> **EXERCISE GOAL**:
Work out the number of lines in the listing below that include "also", and answer with it alone.
%%
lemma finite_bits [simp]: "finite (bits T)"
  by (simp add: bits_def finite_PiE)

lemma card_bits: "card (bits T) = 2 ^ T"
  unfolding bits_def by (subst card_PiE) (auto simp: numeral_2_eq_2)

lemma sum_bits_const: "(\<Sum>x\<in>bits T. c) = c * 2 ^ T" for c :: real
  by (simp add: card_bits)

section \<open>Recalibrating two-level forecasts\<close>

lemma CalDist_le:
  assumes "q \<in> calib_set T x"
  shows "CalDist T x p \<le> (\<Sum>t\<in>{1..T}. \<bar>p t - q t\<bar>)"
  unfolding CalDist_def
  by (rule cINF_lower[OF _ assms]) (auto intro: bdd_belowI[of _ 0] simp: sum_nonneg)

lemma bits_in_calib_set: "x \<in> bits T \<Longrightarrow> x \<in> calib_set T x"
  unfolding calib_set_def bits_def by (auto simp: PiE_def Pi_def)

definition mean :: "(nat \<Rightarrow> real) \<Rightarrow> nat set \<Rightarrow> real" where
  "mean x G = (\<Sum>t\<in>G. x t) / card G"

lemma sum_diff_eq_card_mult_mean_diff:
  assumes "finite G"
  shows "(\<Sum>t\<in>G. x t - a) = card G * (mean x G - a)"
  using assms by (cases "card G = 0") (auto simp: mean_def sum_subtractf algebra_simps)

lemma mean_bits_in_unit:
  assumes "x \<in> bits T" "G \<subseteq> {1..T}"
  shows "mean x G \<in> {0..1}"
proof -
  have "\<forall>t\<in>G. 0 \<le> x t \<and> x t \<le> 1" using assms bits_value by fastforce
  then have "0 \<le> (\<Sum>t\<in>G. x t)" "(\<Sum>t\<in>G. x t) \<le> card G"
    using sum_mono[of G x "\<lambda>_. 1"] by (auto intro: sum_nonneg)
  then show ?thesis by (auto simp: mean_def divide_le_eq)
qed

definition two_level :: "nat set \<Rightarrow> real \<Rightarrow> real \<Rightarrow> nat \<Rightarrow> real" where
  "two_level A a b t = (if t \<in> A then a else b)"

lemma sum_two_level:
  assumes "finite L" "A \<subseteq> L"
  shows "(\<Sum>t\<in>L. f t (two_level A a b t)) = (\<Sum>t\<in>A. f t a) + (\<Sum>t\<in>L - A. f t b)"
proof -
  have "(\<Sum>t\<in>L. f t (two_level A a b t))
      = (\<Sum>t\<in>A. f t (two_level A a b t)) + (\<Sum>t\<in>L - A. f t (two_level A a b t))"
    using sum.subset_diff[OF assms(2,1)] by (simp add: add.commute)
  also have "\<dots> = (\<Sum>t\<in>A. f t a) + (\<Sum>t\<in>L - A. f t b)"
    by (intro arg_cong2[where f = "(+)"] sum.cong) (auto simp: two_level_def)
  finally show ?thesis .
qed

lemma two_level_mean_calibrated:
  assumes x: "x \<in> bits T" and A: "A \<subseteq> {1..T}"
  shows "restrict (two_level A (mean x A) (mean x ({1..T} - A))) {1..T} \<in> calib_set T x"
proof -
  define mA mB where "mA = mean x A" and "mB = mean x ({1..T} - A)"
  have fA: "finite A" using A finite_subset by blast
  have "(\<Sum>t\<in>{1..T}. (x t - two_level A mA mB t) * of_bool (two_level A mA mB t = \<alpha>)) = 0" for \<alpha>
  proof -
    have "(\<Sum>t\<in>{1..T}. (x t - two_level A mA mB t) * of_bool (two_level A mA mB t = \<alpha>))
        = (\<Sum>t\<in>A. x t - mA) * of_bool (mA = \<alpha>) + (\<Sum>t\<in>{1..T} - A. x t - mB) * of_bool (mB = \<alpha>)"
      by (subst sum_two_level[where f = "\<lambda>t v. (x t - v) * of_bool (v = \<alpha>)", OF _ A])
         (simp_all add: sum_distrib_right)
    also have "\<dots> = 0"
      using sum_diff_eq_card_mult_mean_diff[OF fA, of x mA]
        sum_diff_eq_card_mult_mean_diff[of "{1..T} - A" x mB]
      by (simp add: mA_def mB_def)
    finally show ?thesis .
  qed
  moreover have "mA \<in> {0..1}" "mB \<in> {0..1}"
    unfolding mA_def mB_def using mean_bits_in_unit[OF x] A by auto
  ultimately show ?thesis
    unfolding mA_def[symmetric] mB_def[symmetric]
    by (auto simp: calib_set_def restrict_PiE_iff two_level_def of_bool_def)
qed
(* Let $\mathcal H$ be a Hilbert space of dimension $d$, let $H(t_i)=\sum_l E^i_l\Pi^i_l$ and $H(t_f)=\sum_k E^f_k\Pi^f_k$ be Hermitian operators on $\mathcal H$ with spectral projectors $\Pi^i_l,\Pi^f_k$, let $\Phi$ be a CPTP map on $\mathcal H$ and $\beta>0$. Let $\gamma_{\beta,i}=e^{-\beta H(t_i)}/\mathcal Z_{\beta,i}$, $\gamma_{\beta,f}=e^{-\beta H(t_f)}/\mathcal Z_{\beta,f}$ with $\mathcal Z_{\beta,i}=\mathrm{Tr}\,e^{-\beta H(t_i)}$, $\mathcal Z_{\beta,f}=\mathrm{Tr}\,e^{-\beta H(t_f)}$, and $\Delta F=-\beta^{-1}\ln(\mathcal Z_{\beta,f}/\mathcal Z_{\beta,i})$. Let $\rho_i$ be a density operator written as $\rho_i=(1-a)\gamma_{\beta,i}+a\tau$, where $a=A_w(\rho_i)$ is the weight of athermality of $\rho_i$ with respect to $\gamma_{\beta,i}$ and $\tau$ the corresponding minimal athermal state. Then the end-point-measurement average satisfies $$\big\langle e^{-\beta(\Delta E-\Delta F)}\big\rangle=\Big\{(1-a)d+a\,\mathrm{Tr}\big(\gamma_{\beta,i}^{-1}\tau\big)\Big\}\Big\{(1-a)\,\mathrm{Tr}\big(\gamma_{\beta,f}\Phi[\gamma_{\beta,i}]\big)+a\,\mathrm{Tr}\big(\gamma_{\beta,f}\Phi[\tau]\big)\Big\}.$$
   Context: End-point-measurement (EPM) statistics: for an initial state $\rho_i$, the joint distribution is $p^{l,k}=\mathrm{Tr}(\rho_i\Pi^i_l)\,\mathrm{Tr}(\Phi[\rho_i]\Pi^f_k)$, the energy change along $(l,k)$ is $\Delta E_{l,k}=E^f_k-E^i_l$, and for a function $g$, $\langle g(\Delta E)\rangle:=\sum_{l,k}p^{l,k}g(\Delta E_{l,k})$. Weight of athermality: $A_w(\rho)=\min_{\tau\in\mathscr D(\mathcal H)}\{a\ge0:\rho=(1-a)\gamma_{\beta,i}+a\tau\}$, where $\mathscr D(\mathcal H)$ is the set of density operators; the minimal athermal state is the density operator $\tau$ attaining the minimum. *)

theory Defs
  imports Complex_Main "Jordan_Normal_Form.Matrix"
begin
%%
> **PROBLEM SOLUTION**:
2